# Atlanta...



## dendro-dude (Jan 25, 2010)

Who or What is in or around Atlanta? stores, breeders, people etc.


----------



## divingne1 (Mar 21, 2008)

Crystal and I are from the Atlanta area. I am up north and she is south. She has many more frogs than I do. Nothing in the way of a frog store. I usually order all my supplies on-line from vendors on this forum.


----------



## james67 (Jun 28, 2008)

savannah area there are a couple froggers

myself being one

james


----------



## poison beauties (Mar 1, 2010)

Most frog and reptile breeders have left Atlanta in the past few years. I have been here in gwinnett county since 1998. I however only have a collection of about 20 breeding pairs or so and a few holdbacks im raising. I communicate with and sell to the larger breeders and shops down in florida because of the scarsness of froggers here in Atlanta.


----------



## dendro-dude (Jan 25, 2010)

poison-beauties- Do you attend the Gwinnet Fairgorunds repticon?
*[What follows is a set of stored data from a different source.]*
lemma smult_mem_polys_deg_less: "v \<in> polys_deg_less k \<Longrightarrow> smult c v \<in> polys_deg_less k"
  by (simp add: polys_deg_less_def)

lemma monic_polys_eq_image:
  "monic_polys k = (\<lambda>v. monom 1 k + v) ` (polys_deg_less k :: 'a::field poly set)"
proof (intro set_eqI iffI)
  fix a :: "'a poly"
  assume "a \<in> monic_polys k"
  then have "a - monom 1 k \<in> polys_deg_less k"
    by (auto simp: monic_polys_def polys_deg_less_def coeff_monom coeff_eq_0)
  then show "a \<in> (\<lambda>v. monom 1 k + v) ` polys_deg_less k"
    by (rule rev_image_eqI) simp
next
  fix a :: "'a poly"
  assume "a \<in> (\<lambda>v. monom 1 k + v) ` polys_deg_less k"
  then obtain v where v: "v \<in> polys_deg_less k" and a: "a = monom 1 k + v"
    by blast
  have "coeff a k = 1"
    using v by (simp add: a polys_deg_less_def)
  moreover have "degree a \<le> k"
    using v by (intro degree_le) (auto simp: a polys_deg_less_def coeff_monom)
  ultimately have "degree a = k"
    by (simp add: le_antisym le_degree)
  with \<open>coeff a k = 1\<close> show "a \<in> monic_polys k"
    by (simp add: monic_polys_def)
qed

lemma sum_monic_polys:
  "(\<Sum>a\<in>monic_polys k. f a) = (\<Sum>v\<in>polys_deg_less k. f (monom 1 k + (v :: 'a::field poly)))"
  and prod_monic_polys:
  "(\<Prod>a\<in>monic_polys k. g a) = (\<Prod>v\<in>polys_deg_less k. g (monom 1 k + (v :: 'a poly)))"
  unfolding monic_polys_eq_image by (simp_all add: sum.reindex prod.reindex inj_on_def)

lemma finite_monic_polys [simp]: "finite (monic_polys k :: 'a::{finite,field} poly set)"
  unfolding monic_polys_eq_image by simp

lemma monic_polys_nonzero: "a \<in> monic_polys k \<Longrightarrow> (a :: 'a::field poly) \<noteq> 0"
  by (auto simp: monic_polys_def)

lemma monic_polys_0: "monic_polys 0 = {1 :: 'a::field poly}"
  unfolding monic_polys_eq_image polys_deg_less_0 by simp

lemma sum_monic_polys_power_eq_0:
  "m + 2 \<le> CARD('a) ^ k \<Longrightarrow> (\<Sum>a\<in>monic_polys k. a ^ m :: 'a::{finite,field} poly) = 0"
  using finite_additive_subgroup.sum_translate_power_eq_0[OF finite_additive_subgroup_polys_deg_less]
  by (simp add: sum_monic_polys card_polys_deg_less)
Repticon Atlanta Main Page


----------



## kylerimb (Apr 4, 2009)

anything happening in or around atlanta the weekend of may 15th? i'll be in the area that weekend.


----------



## poison beauties (Mar 1, 2010)

I have not setup at repticon in a couple years. We used to have a few friends that would share a couple of tables but most have moved off to better places. 10 years ago I could give you a long list of reptile and amphibian dealers/breeders around here from winder to loganville to buford to lawrenceville and all the way up to toccoa. All have closed up shop and moved on. In my opinion reptile interests are dieing out here and probably wont come back to atlanta.The people here excluding myself and obviously a few others just never took to exotics like the northeast or the west or even florida. My friends in florida have asked my wife and I to move down to florida and set up shop but I wont leave georgia for a few extra bucks. As long as you can produce quality frogs and safely ship them location is just a way to get together with other locals. although the higher end shows dont come our way anymore.


----------



## LorenK (Apr 3, 2008)

I went to the reptile show about a year ago. There was only one vendor for frogs. It was disappointing to say the least.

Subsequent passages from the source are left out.